Cheap and Secure Web Hosting Provider : See Now

# [Solved]: Represent string as concatenations

, ,
Problem Detail:

If $S_1,S_2$ are set of strings, then $S_1S_2 = \{s_1s_2|s_1\in S_1, s_2\in S_2\}$. $S^0=\{\epsilon\}$, $\epsilon$ is the empty string. $S^n = S^{n-1}S$.

Two related problems about represent string as concatenation of other strings.

1. Given a finite set $S$ of strings, how to decide if there exist a string can be written as concatenations of elements in $S$ in two different ways?

2. Given a finite set $S$ of strings and $n$, how can one compute the smallest set of strings $T$, such that $S\subset T^n$?

(Bonus: what about infinite $S$, at least when it's regular? For the second problem when $S$ is infinite, we might ask to find a minimal $T$ under set inclusion.)

#### Answered By : Hendrik Jan

I will try (1) and go for infinite (the bonus).

The finite case is called the code problem: finding possible decompositions is like decoding. Its classical algorithm is called Sardinas–Patterson. It is not immediately clear it is a finite search space. The lengths of the decomposition might be long. Still it is not Post Correspondence as that has additional restrictions.

The finite case has a simple regular language solution: for every pair of distinct $s,t \in S$ test whether the regular set $s S^* \cap t S^*$ is empty. (The Sardinas-Patterson tries that "in parallel".) This does not work in the infinite case as there would be infinitely many $s,t$ to test.

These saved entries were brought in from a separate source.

lemma wallis_convergent_eq_sum:
  fixes a b :: "nat \<Rightarrow> 'a::field"
  assumes "\<And>j. j \<le> k \<Longrightarrow> cf_denom a b (Suc j) \<noteq> 0"
  shows "cf_numer a b (Suc k) / cf_denom a b (Suc k)
    = - (\<Sum>j<k. (\<Prod>i<Suc j. - a (Suc i)) / (cf_denom a b (Suc j) * cf_denom a b (Suc (Suc j))))"
  using assms
proof (induction k)
  case 0
  then show ?case by simp
next
  case (Suc k)
  let ?P = "cf_numer a b" and ?Q = "cf_denom a b"
  have "?Q (Suc k) \<noteq> 0" "?Q (Suc (Suc k)) \<noteq> 0"
    using Suc.prems[of k] Suc.prems[of "Suc k"] by (simp_all del: wallis.simps)
  then have "?P (Suc (Suc k)) / ?Q (Suc (Suc k)) - ?P (Suc k) / ?Q (Suc k)
      = - (\<Prod>i<Suc k. - a (Suc i)) / (?Q (Suc k) * ?Q (Suc (Suc k)))"
    using wallis_det[of a b "Suc k"] by (simp add: field_simps)
  then show ?case
    using Suc by (simp add: algebra_simps)
qed

lemma cf_interval_stable:
  assumes "t \<ge> - real n"
  shows "cf_b n m + t \<noteq> 0 \<and> cf_a n m / (cf_b n m + t) \<ge> - real n"
proof
  have d: "cf_b n m + t \<ge> real m + real n + 1"
    using assms by (simp add: cf_b_def)
  then show "cf_b n m + t \<noteq> 0" by linarith
  have "real n * (real m + real n - 1) \<le> real n * (cf_b n m + t)"
    using d by (intro mult_left_mono) auto
  with d show "cf_a n m / (cf_b n m + t) \<ge> - real n"
    by (simp add: cf_a_def field_simps)
qed

lemma cf_denom_eq_pochhammer:
  assumes "n > 0"
  shows "cf_denom (cf_a n) (cf_b n) k = real k * pochhammer (real n) k / real n"
proof (induction k rule: induct_nat_012)
  case (ge2 k)
  have "cf_denom (cf_a n) (cf_b n) (Suc (Suc k))
      = cf_b n (Suc k) * (real (Suc k) * pochhammer (real n) (Suc k) / real n)
        + cf_a n (Suc k) * (real k * pochhammer (real n) k / real n)"
    using ge2 by simp
  also have "\<dots> = real (Suc (Suc k)) * pochhammer (real n) (Suc (Suc k)) / real n"
    using assms by (simp add: pochhammer_Suc cf_a_def cf_b_def field_simps)
  finally show ?case .
qed (use assms in simp_all)

lemma prod_minus_cf_a: "(\<Prod>i<m. - cf_a n (Suc i)) = real n ^ m * pochhammer (real n) m"
  by (induction m) (simp_all add: cf_a_def pochhammer_Suc algebra_simps)

definition cf_term :: "real \<Rightarrow> nat \<Rightarrow> real" where
  "cf_term x k = x ^ (k + 1) / (real (k + 1) * real (k + 2) * pochhammer x (k + 2))"

lemma contfrac_cf_eq_sum:
  assumes "n > 0"
  shows "contfrac (cf_a n) (cf_b n) 1 k = - (real n ^ 2 * (\<Sum>j<k. cf_term (real n) j))"
proof -
  let ?Q = "cf_denom (cf_a n) (cf_b n)"
  have Q_pos: "?Q (Suc j) > 0" for j
    using assms by (simp add: cf_denom_eq_pochhammer pochhammer_pos)
  have "contfrac (cf_a n) (cf_b n) 1 k = cf_numer (cf_a n) (cf_b n) (Suc k) / ?Q (Suc k)"
    using contfrac_tail_eq_wallis[where L = "- real n" and t = 0, OF cf_interval_stable]
    by (simp add: contfrac_eq_contfrac_tail)
  also have "\<dots> = - (\<Sum>j<k. (\<Prod>i<Suc j. - cf_a n (Suc i)) / (?Q (Suc j) * ?Q (Suc (Suc j))))"
    by (intro wallis_convergent_eq_sum Q_pos[THEN dual_order.strict_implies_not_eq])
  also have "(\<lambda>j. (\<Prod>i<Suc j. - cf_a n (Suc i)) / (?Q (Suc j) * ?Q (Suc (Suc j))))
      = (\<lambda>j. real n ^ 2 * cf_term (real n) j)"
  proof
    fix j
    have "pochhammer (real n) (Suc j) > 0" "pochhammer (real n) (Suc (Suc j)) > 0"
      using assms by (simp_all add: pochhammer_pos)
    with assms show "(\<Prod>i<Suc j. - cf_a n (Suc i)) / (?Q (Suc j) * ?Q (Suc (Suc j)))
        = real n ^ 2 * cf_term (real n) j"
      unfolding prod_minus_cf_a cf_denom_eq_pochhammer[OF assms] cf_term_def
      by (simp add: divide_simps power2_eq_square del: of_nat_Suc)
  qed
  finally show ?thesis by (simp add: sum_distrib_left)
qed

lemma cf_term_nonneg: "x > 0 \<Longrightarrow> cf_term x k \<ge> 0"
  by (simp add: cf_term_def pochhammer_nonneg)

lemma fact_add_eq_fact_mult_pochhammer:
  "(fact (m + i) :: 'a::{semiring_char_0,comm_semiring_1}) = fact m * pochhammer (of_nat (Suc m)) i"
  by (simp add: pochhammer_fact pochhammer_product')

lemma exp_eq_partial_sum_plus_pochhammer_series:
  fixes x :: real
  assumes "n > 0"
  shows "(\<lambda>i. x ^ (n - 1) / fact (n - 1) * (x ^ Suc i / pochhammer (real n) (Suc i)))
    sums (exp x - (\<Sum>j<n. x ^ j / fact j))"
proof -
  obtain m where n: "n = Suc m" using assms by (cases n) auto
  have "(\<lambda>j. x ^ j / fact j) sums exp x"
    using exp_converges[of x] by (simp add: divide_inverse mult.commute)
  then have "(\<lambda>i. x ^ (i + n) / fact (i + n)) sums (exp x - (\<Sum>j<n. x ^ j / fact j))"
    using sums_iff_shift[of "\<lambda>j. x ^ j / fact j" n "exp x - (\<Sum>j<n. x ^ j / fact j)"] by simp
  moreover have "x ^ (i + n) / fact (i + n)
      = x ^ (n - 1) / fact (n - 1) * (x ^ Suc i / pochhammer (real n) (Suc i))" for i
  proof -
    have "fact (i + n) = (fact m :: real) * pochhammer (real n) (Suc i)"
      using fact_add_eq_fact_mult_pochhammer[of m "Suc i"] by (simp add: n add.commute)
    then show ?thesis by (simp add: n power_add)
  qed
  ultimately show ?thesis by simp
qed

lemma power_le_pochhammer:
  fixes x :: "'a::linordered_semidom"
  assumes "x > 0"
  shows "x ^ j \<le> pochhammer x j"
proof (induction j)
  case (Suc j)
  have "x ^ j * x \<le> pochhammer x j * (x + of_nat j)"
    using Suc assms by (intro mult_mono) (auto simp: pochhammer_nonneg)
  then show ?case by (metis power_Suc2 pochhammer_Suc)
qed simp

text \<open>Each term is \<open>v j - v (j + 1)\<close> for \<open>v j = x^(j+2) / ((j+1) (x)_(j+1))\<close>, and \<open>v 0 = x\<close>.\<close>
lemma pochhammer_telescope:
  fixes x :: real
  assumes "x > 0"
  shows "(\<lambda>j. x ^ (j + 2) / pochhammer x (j + 2) + x ^ 2 * cf_term x j) sums x"
proof -
  define v where "v j = x ^ (j + 2) / (real (j + 1) * pochhammer x (j + 1))" for j
  have "v \<longlonglongrightarrow> 0"
  proof (rule real_tendsto_sandwich[where f = "\<lambda>_. 0" and h = "\<lambda>j. x / real (Suc j)"])
    show "(\<lambda>j. x / real (Suc j)) \<longlonglongrightarrow> 0"
      using LIMSEQ_Suc[OF lim_const_over_n] .
    have "v j \<le> x / real (Suc j)" for j
    proof -
      have "x ^ (j + 1) / pochhammer x (j + 1) \<le> 1"
        using assms power_le_pochhammer[of x "j + 1"] by (simp add: pochhammer_pos)
      then have "x / real (Suc j) * (x ^ (j + 1) / pochhammer x (j + 1)) \<le> x / real (Suc j)"
        using assms by (intro mult_left_le) auto
      then show ?thesis by (simp add: v_def)
    qed
    then show "eventually (\<lambda>j. v j \<le> x / real (Suc j)) sequentially" by simp
    show "eventually (\<lambda>j. 0 \<le> v j) sequentially"
      using assms by (simp add: v_def pochhammer_nonneg)
  qed auto
  then have "(\<lambda>j. v j - v (Suc j)) sums (v 0 - 0)"
    by (rule telescope_sums')
  moreover have "v j - v (Suc j) = x ^ (j + 2) / pochhammer x (j + 2) + x ^ 2 * cf_term x j" for j
  proof -
    have "pochhammer x (j + 1) > 0" "x + real j + 1 > 0" using assms by (simp_all add: pochhammer_pos)
    then show ?thesis
      unfolding v_def cf_term_def
      by (simp add: pochhammer_Suc divide_simps power2_eq_square) (simp add: algebra_simps)
  qed
  ultimately show ?thesis
    using assms by (simp add: v_def)
qed

lemma C_approx_minus_exp_sums:
  assumes n: "n > 0"
  defines "c \<equiv> real n ^ (n - 1) / fact (n - 1) * real n ^ 2"
  shows "(\<lambda>i. c * cf_term (real n) (i + k)) sums (C_approx n k - exp (real n))"
proof -
  define x where "x = real n"
  define d where "d = x ^ (n - 1) / fact (n - 1)"
  define E where "E = exp x - (\<Sum>j<n. x ^ j / fact j)"
  have x: "x > 0" using n by (simp add: x_def)
  have "(\<lambda>i. d * (x ^ Suc i / pochhammer x (Suc i))) sums E"
    using exp_eq_partial_sum_plus_pochhammer_series[OF n] by (simp add: d_def E_def x_def)
  then have "(\<lambda>j. d * (x ^ (j + 2) / pochhammer x (j + 2))) sums (E - d)"
    using sums_Suc_iff[of "\<lambda>i. d * (x ^ Suc i / pochhammer x (Suc i))" "E - d"] x
    by (simp add: numeral_2_eq_2)
  moreover have "(\<lambda>j. d * (x ^ (j + 2) / pochhammer x (j + 2)) + d * x ^ 2 * cf_term x j) sums (d * x)"
    using sums_mult[OF pochhammer_telescope[OF x], of d] by (simp add: algebra_simps)
  ultimately have "(\<lambda>j. d * x ^ 2 * cf_term x j) sums (d * x - (E - d))"
    using sums_diff by fastforce
  then have "(\<lambda>i. d * x ^ 2 * cf_term x (i + k)) sums
      (d * x - (E - d) - d * x ^ 2 * (\<Sum>j<k. cf_term x j))"
    by (subst sums_iff_shift) (simp add: sum_distrib_left)
  moreover have "C_approx n k - exp x = d * x - (E - d) - d * x ^ 2 * (\<Sum>j<k. cf_term x j)"
    unfolding C_approx_def contfrac_cf_eq_sum[OF n]
    by (simp add: d_def E_def x_def algebra_simps add_divide_distrib)
  ultimately show ?thesis
    by (simp add: c_def d_def x_def)
qed

lemma sums_le_geometric_ratio:
  fixes f :: "nat \<Rightarrow> real"
  assumes "f sums s" "0 \<le> q" "q < 1" "\<And>j. f (Suc j) \<le> q * f j"
  shows "s \<le> f 0 / (1 - q)"
proof -
  have le: "f j \<le> f 0 * q ^ j" for j
  proof (induction j)
    case (Suc j)
    have "f (Suc j) \<le> q * (f 0 * q ^ j)"
      using assms(4)[of j] mult_left_mono[OF Suc assms(2)] by linarith
    then show ?case by (simp add: algebra_simps)
  qed simp
  have "(\<lambda>j. f 0 * q ^ j) sums (f 0 * (1 / (1 - q)))"
    using assms by (intro sums_mult geometric_sums) simp
  then show ?thesis
    using sums_le[OF le assms(1)] by simp
qed

lemma cf_term_Suc_le_half:
  assumes "x > 0" "x \<le> real j"
  shows "cf_term x (Suc j) \<le> cf_term x j / 2"
proof -
  have ratio: "cf_term x (Suc j) = cf_term x j * (x * (real j + 1) / ((real j + 3) * (x + real j + 2)))"
    using assms pochhammer_pos[of x "j + 2"]
    unfolding cf_term_def by (simp add: pochhammer_Suc divide_simps) (simp add: algebra_simps)
  have "(2 * x) * (real j + 1) \<le> (x + real j + 2) * (real j + 3)"
    using assms by (intro mult_mono) auto
  moreover have "(real j + 3) * (x + real j + 2) > 0"
    using assms by simp
  ultimately have "x * (real j + 1) / ((real j + 3) * (x + real j + 2)) \<le> 1 / 2"
    by (simp add: pos_divide_le_eq algebra_simps)
  from mult_left_mono[OF this cf_term_nonneg[OF assms(1)]] show ?thesis
    unfolding ratio by simp
qed

lemma abs_exp_minus_C_approx_le:
  assumes "n > 0" "n \<le> k"
  defines "c \<equiv> real n ^ (n - 1) / fact (n - 1) * real n ^ 2"
  shows "\<bar>exp (real n) - C_approx n k\<bar> \<le> 2 * c * cf_term (real n) k"
proof -
  have "c \<ge> 0" by (simp add: c_def)
  have sums: "(\<lambda>i. c * cf_term (real n) (i + k)) sums (C_approx n k - exp (real n))"
    using C_approx_minus_exp_sums[OF assms(1)] by (simp add: c_def)
  have "0 \<le> C_approx n k - exp (real n)"
    using sums_le[OF _ sums_zero sums] \<open>c \<ge> 0\<close> assms cf_term_nonneg by simp
  moreover have "c * cf_term (real n) (Suc i + k) \<le> 1 / 2 * (c * cf_term (real n) (i + k))" for i
  proof -
    have "cf_term (real n) (Suc (i + k)) \<le> cf_term (real n) (i + k) / 2"
      using assms by (intro cf_term_Suc_le_half) auto
    from mult_left_mono[OF this \<open>c \<ge> 0\<close>] show ?thesis by simp
  qed
  then have "C_approx n k - exp (real n) \<le> c * cf_term (real n) (0 + k) / (1 - 1 / 2)"
    by (intro sums_le_geometric_ratio[OF sums]) simp_all
  ultimately show ?thesis by simp
qed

In the infinite (but regular) case I would build a new finite state automaton based on an automaton for $S$. It simulates in parallel the two different decompositions by keeping track of a pair of states, one for each decomposition. On a letter both pairs make a step on the same letter. In a final state each component may either restart (it has seen an element in $S$) or proceed (trying to find a longer word in $S$). Now we need one additional boolean addition to the state-pair as we need to check whether the two components made different choices in at least one point. Accept if both simulations end in a final state (and we have seen a point where the two decompositions differed). Now again there are no two different decompositions for the same string iff the language of the automaton is empty.

And indeed, for context-free the problem must be undicidable, but I do not have a reference at hand now.